Современные спортивные команды, чья сыгранность является тщательнейшим образом регламентируемой, так что никто из членов команды не питает ни малейшего сомнения относительно своей роли в ней и для каждого из них имеется наготове запасной, находят в сексуальных командах «Жюльетты», у которых не остаётся ни одно мгновение упущенным, ни одно отверстие на теле неиспользованным, ни одна из функций незадействованной, свой точнейший прототип. [111] Напряжённая, целесообразная деятельность царит в спорте, как и во всех отраслях массовой культуры, при всём при том, что до конца не посвящённый зритель не способен распознать различие комбинаций, разгадать смысл перемежающихся ходов, соразмеряющийся с произвольно установленными правилами. Сама архитектоническая структура кантовской системы наряду с гимнастическими пирамидами садовских оргий и сводом принципов раннебуржуазных масонских лож — их циничным зеркальным отображением является строжайший распорядок дня компании развратников из «120 дней» — предвещает организацию жизни, в целом утратившей свою содержательную цель.

При проведении подобных мероприятий ещё в большей степени нежели о наслаждении речь идёт, по-видимому, об обеспечении его функционирования, о его организации, подобно тому, как в другие демифологизированные эпохи, в Риме времён Цезарей и Ренессанса, равно как и в эпоху Барокко, схема активности имела решающий перевес над её содержанием. В Новое время идеи гармонии и совершенства были освобождены от их религиозного гипостазирования в потустороннее и вручены человеческому стремлению под формой системы в качестве критериев. После того как та утопия, которая давала надежду французской революции, одновременно и мощно и бессильно вошла в немецкую музыку и философию, разум был окончательно функционализирован учреждённым буржуазным порядком. Он был превращен в бесцельную целесообразность, именно поэтому позволяющую использовать себя в любых целях. Он стал рассматриваться в качестве плана самого по себе.

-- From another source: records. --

text \<open>The class C: Lipschitz maps from the circle S^1 = [0,2pi) to the plane,
  represented as 2pi-periodic maps real => complex, whose derivative exists
  and is nonzero almost everywhere.\<close>
definition curve_class :: "(real \<Rightarrow> complex) \<Rightarrow> bool" where
  "curve_class c \<longleftrightarrow>
     (\<forall>x. c (x + 2 * pi) = c x) \<and>
     (\<exists>L. L-lipschitz_on UNIV c) \<and>
     (AE t in lborel. t \<in> {0..<2*pi} \<longrightarrow>
        c differentiable (at t) \<and> vector_derivative c (at t) \<noteq> 0)"

end

theory Submission
  imports Defs
begin

text \<open>Suppose the tangent angles at the regular points of (t1, t2) are pairwise within pi.
  Then they all lie in an interval [m, m + pi], i.e. every tangent lies in the closed half-plane
  to the left of w = cis m.  The component Im (c t * cnj w) of c orthogonal to w is then a
  Lipschitz function with almost everywhere nonnegative derivative and equal values at t1 and t2,
  hence constant: c([t1, t2]) lies on a line parallel to w and is a segment, and almost every
  tangent is a real multiple of w.  The component Re (c t * cnj w) along w also returns to its
  initial value while its derivative is almost everywhere nonzero, so that derivative takes both
  signs; the tangents w and -w both occur and their angles differ by exactly pi.

  Monotonicity of a Lipschitz function with almost everywhere nonnegative derivative comes from
  the fact that Lipschitz maps send null sets to null sets.\<close>

lemma negligible_lipschitz_image:
  fixes f :: "'M::euclidean_space \<Rightarrow> 'N::euclidean_space"
  assumes "DIM('M) \<le> DIM('N)" and "B-lipschitz_on S f" and "negligible N" and "N \<subseteq> S"
  shows "negligible (f ` N)"
proof (rule negligible_locally_Lipschitz_image[OF assms(1,3)])
  fix x assume "x \<in> N"
  with assms(2,4) have "\<forall>y\<in>N \<inter> UNIV. norm (f y - f x) \<le> B * norm (y - x)"
    by (auto simp: dist_norm dest: lipschitz_onD)
  then show "\<exists>T B. open T \<and> x \<in> T \<and> (\<forall>y\<in>N \<inter> T. norm (f y - f x) \<le> B * norm (y - x))"
    by blast
qed

lemma greaterThanLessThan_diff_negligible_nonempty:
  fixes a b :: real
  assumes "a < b" and "negligible N"
  shows "{a<..<b} - N \<noteq> {}"
proof -
  have "\<not> negligible {a<..<b}"
    using assms(1) negligible_interval(2)[of a b] by (simp add: box_real)
  then show ?thesis
    using negligible_subset[OF assms(2)] by blast
qed

text \<open>If g b < g a, pick a level y between them that is not a value of g on N; at the
  last time s where g is at least y we have g s = y, so s is outside N and g' s > 0 pushes g above y
  right after s.\<close>
lemma DERIV_pos_off_null_image_imp_le:
  fixes g :: "real \<Rightarrow> real"
  assumes "a \<le> b" and cont: "continuous_on {a..b} g" and negl: "negligible (g ` N)"
    and der: "\<And>t. t \<in> {a<..<b} - N \<Longrightarrow> \<exists>d>0. DERIV g t :> d"
  shows "g a \<le> g b"
proof (rule ccontr)
  assume "\<not> g a \<le> g b"
  then have "\<not> negligible {g b<..<g a}"
    using negligible_interval(2)[of "g b" "g a"] by (simp add: box_real)
  then obtain y where y: "y \<in> {g b<..<g a}" "y \<notin> g ` N"
    using negl negligible_subset by blast
  define S where "S = {a..b} \<inter> g -` {y..}"
  have "closed S"
    unfolding S_def by (intro continuous_closed_preimage cont) auto
  moreover have "a \<in> S" and bdd: "bdd_above S"
    using y \<open>a \<le> b\<close> by (auto simp: S_def intro: bdd_aboveI[of _ b])
  ultimately have "Sup S \<in> S"
    using closed_contains_Sup by blast
  define s where "s = Sup S"
  have upper: "t \<le> s" if "t \<in> S" for t
    unfolding s_def using that bdd by (rule cSup_upper)
  have s: "a \<le> s" "s \<le> b" "y \<le> g s"
    using \<open>Sup S \<in> S\<close> by (auto simp: S_def s_def)
  obtain x where x: "s \<le> x" "x \<le> b" "g x = y"
    using IVT2'[of g b y s] s y continuous_on_subset[OF cont, of "{s..b}"] by auto
  then have "x \<in> S" using s by (auto simp: S_def)
  then have "g s = y" using upper x by force
  have "s \<noteq> a" "s \<noteq> b" "s \<notin> N"
    using y \<open>g s = y\<close> by auto
  with s have "s \<in> {a<..<b} - N"
    by auto
  then obtain d where "d > 0" "DERIV g s :> d" using der by blast
  then obtain \<delta> where \<delta>: "\<delta> > 0" "\<And>h. h > 0 \<Longrightarrow> h < \<delta> \<Longrightarrow> g s < g (s + h)"
    using DERIV_pos_inc_right by blast
  define h where "h = min (\<delta> / 2) ((b - s) / 2)"
  have h: "0 < h" "h < \<delta>" "s + h \<le> b"
    using \<delta>(1) \<open>s \<in> {a<..<b} - N\<close> by (auto simp: h_def min_def field_simps)
  then have "g s < g (s + h)" using \<delta>(2) by blast
  then have "s + h \<in> S"
    using h \<open>g s = y\<close> s by (auto simp: S_def)
  then show False using upper h by fastforce
qed

text \<open>Tilting g by e t makes the derivative positive off N, and the image of N under the tilted
  Lipschitz function is still negligible.\<close>
lemma lipschitz_DERIV_nonneg_ae_imp_le:
  fixes g :: "real \<Rightarrow> real"
  assumes "a \<le> b" and lip: "B-lipschitz_on {a..b} g" and "negligible N"
    and der: "\<And>t. t \<in> {a<..<b} - N \<Longrightarrow> \<exists>d\<ge>0. DERIV g t :> d"
  shows "g a \<le> g b"
proof (rule ccontr)
  assume "\<not> g a \<le> g b"
  define e where "e = (g a - g b) / (b - a + 1)"
  have "e > 0" using \<open>\<not> g a \<le> g b\<close> \<open>a \<le> b\<close> by (simp add: e_def)
  have "e * (b - a) < e * (b - a + 1)" using \<open>e > 0\<close> by simp
  also have "\<dots> = g a - g b" using \<open>a \<le> b\<close> by (simp add: e_def)
  finally have tilt_small: "e * (b - a) < g a - g b" .
  define ge where "ge t = g t + e * t" for t
  have lip_ge: "(B + e)-lipschitz_on {a..b} ge"
    using lipschitz_on_add[OF lip lipschitz_on_cmult_real_nonneg[OF lipschitz_on_id, where a = e]]
      \<open>e > 0\<close>
    by (simp add: ge_def)
  have "ge a \<le> ge b"
  proof (rule DERIV_pos_off_null_image_imp_le[OF \<open>a \<le> b\<close>])
    show "continuous_on {a..b} ge"
      using lip_ge by (rule lipschitz_on_continuous_on)
    show "negligible (ge ` (N \<inter> {a..b}))"
      using lip_ge \<open>negligible N\<close> negligible_subset[of N "N \<inter> {a..b}"]
      by (intro negligible_lipschitz_image) auto
    fix t assume "t \<in> {a<..<b} - N \<inter> {a..b}"
    then obtain d where "d \<ge> 0" "DERIV g t :> d" using der by auto
    then have "DERIV ge t :> d + e"
      unfolding ge_def by (auto intro!: derivative_eq_intros)
    then show "\<exists>d>0. DERIV ge t :> d"
      using \<open>d \<ge> 0\<close> \<open>e > 0\<close> add_nonneg_pos by blast
  qed
  then show False using tilt_small by (simp add: ge_def algebra_simps)
qed

lemma lipschitz_DERIV_nonneg_ae_loop_imp_const:
  fixes g :: "real \<Rightarrow> real"
  assumes lip: "B-lipschitz_on {a..b} g" and "g a = g b" and "negligible N"
    and der: "\<And>t. t \<in> {a<..<b} - N \<Longrightarrow> \<exists>d\<ge>0. DERIV g t :> d"
    and "x \<in> {a..b}"
  shows "g x = g a"
proof -
  have mono: "g u \<le> g v" if "a \<le> u" "u \<le> v" "v \<le> b" for u v
  proof (rule lipschitz_DERIV_nonneg_ae_imp_le[OF \<open>u \<le> v\<close> _ \<open>negligible N\<close>])
    show "B-lipschitz_on {u..v} g"
      using that by (intro lipschitz_on_subset[OF lip]) auto
    show "\<exists>d\<ge>0. DERIV g t :> d" if "t \<in> {u<..<v} - N" for t
      using der that \<open>a \<le> u\<close> \<open>v \<le> b\<close> by auto
  qed
  have "g a \<le> g x" "g x \<le> g b"
    using mono[of a x] mono[of x b] \<open>x \<in> {a..b}\<close> by auto
  then show ?thesis
    using \<open>g a = g b\<close> by linarith
qed

lemma DERIV_const_on_interval:
  fixes g :: "real \<Rightarrow> real"
  assumes "\<And>x. x \<in> {a..b} \<Longrightarrow> g x = k" and "t \<in> {a<..<b}" and "DERIV g t :> d"
  shows "d = 0"
proof (rule DERIV_local_const[OF \<open>DERIV g t :> d\<close>])
  show "0 < min (t - a) (b - t)" using assms(2) by simp
  show "\<forall>y. \<bar>t - y\<bar> < min (t - a) (b - t) \<longrightarrow> g t = g y"
  proof (intro allI impI)
    fix y assume "\<bar>t - y\<bar> < min (t - a) (b - t)"
    then have "y \<in> {a..b}" by (auto simp: abs_less_iff)
    then show "g t = g y" using assms(1,2) by simp
  qed
qed

text \<open>Otherwise g' < 0 off N, so -g is constant on [a, b] and g' vanishes off N.\<close>
lemma lipschitz_loop_ex_DERIV_pos:
  fixes g d :: "real \<Rightarrow> real"
  assumes "a < b" and lip: "B-lipschitz_on {a..b} g" and "g a = g b" and "negligible N"
    and der: "\<And>t. t \<in> {a<..<b} - N \<Longrightarrow> DERIV g t :> d t \<and> d t \<noteq> 0"
  shows "\<exists>t\<in>{a<..<b} - N. d t > 0"
proof (rule ccontr)
  assume "\<not> ?thesis"
  then have neg: "d t < 0" if "t \<in> {a<..<b} - N" for t
    using der that by force
  have const: "- g x = - g a" if "x \<in> {a..b}" for x
  proof (rule lipschitz_DERIV_nonneg_ae_loop_imp_const[OF _ _ \<open>negligible N\<close> _ that])
    show "B-lipschitz_on {a..b} (\<lambda>t. - g t)" using lip by simp
    show "- g a = - g b" using \<open>g a = g b\<close> by simp
    fix t assume "t \<in> {a<..<b} - N"
    then have "DERIV (\<lambda>t. - g t) t :> - d t"
      using der by (auto intro!: derivative_eq_intros)
    then show "\<exists>d\<ge>0. DERIV (\<lambda>t. - g t) t :> d"
      using neg[OF \<open>t \<in> {a<..<b} - N\<close>] by (intro exI[of _ "- d t"]) auto
  qed
  obtain t where t: "t \<in> {a<..<b} - N"
    using greaterThanLessThan_diff_negligible_nonempty[OF \<open>a < b\<close> \<open>negligible N\<close>] by blast
  have "d t = 0"
  proof (rule DERIV_const_on_interval)
    show "DERIV g t :> d t" using der[OF t] by blast
    show "t \<in> {a<..<b}" using t by blast
    show "g x = g a" if "x \<in> {a..b}" for x
      using const[OF that] by simp
  qed
  then show False using der[OF t] by blast
qed

lemma bounded_linear_compose_lipschitz_on:
  assumes "bounded_linear f" and "B-lipschitz_on S g"
  obtains C where "C-lipschitz_on S (\<lambda>x. f (g x))"
proof -
  obtain D where "D-lipschitz_on (g ` S) f"
    using bounded_linear.lipschitz_boundE[OF assms(1)] by blast
  then show ?thesis
    using that lipschitz_on_compose2[OF assms(2)] by blast
qed

lemma has_real_derivative_Re_Im_mult:
  fixes c :: "real \<Rightarrow> complex"
  assumes "c differentiable (at t)"
  shows "((\<lambda>t. Re (c t * k)) has_real_derivative Re (vector_derivative c (at t) * k)) (at t)"
    and "((\<lambda>t. Im (c t * k)) has_real_derivative Im (vector_derivative c (at t) * k)) (at t)"
proof -
  have "(c has_vector_derivative vector_derivative c (at t)) (at t)"
    using assms vector_derivative_works by blast
  then have "((\<lambda>t. c t * k) has_vector_derivative vector_derivative c (at t) * k) (at t)"
    by (rule has_vector_derivative_mult_left)
  then show "((\<lambda>t. Re (c t * k)) has_real_derivative Re (vector_derivative c (at t) * k)) (at t)"
    and "((\<lambda>t. Im (c t * k)) has_real_derivative Im (vector_derivative c (at t) * k)) (at t)"
    by (auto simp: has_vector_derivative_complex_iff)
qed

Тоталитарное государство умеет обращаться с нациями. «Это так, возразил князь», читаем мы у Сада, «правительство должно само управлять населением, в его руках должны находиться все средства, необходимые для того, чтобы его истребить, если оно его опасается, или чтобы его умножить, если оно это считает нужным, и чаши весов вершимого им правосудия никогда не должны приводиться в равновесие ничем иным, кроме собственных интересов или страстей, зависимых единственно лишь от страстей и интересов тех, кто, как мы уже говорили, наделён им полнотой власти настолько, насколько это необходимо для приумножения его собственной».[112]

Князь указывает путь, на который империализм, это самое ужасающее обличие рацио, вступил уже с давних пор. «… Отнимите у народа, который вы хотите поработить, его бога и деморализуйте его; до тех пор, пока он не начнёт поклоняться никакому иному богу кроме вас самих, не будет иметь никаких других обычаев кроме введённых вами, вы всегда будете оставаться его господином … оставьте ему взамен даже самую огромную способность к преступлению; никогда не карайте его, за исключением тех случаев, когда его жало обращается против вас самих». [113] Так как разумом не полагаются никакие содержательные цели, все аффекты являются равноудалёнными от него. Они являются попросту природными, естественными.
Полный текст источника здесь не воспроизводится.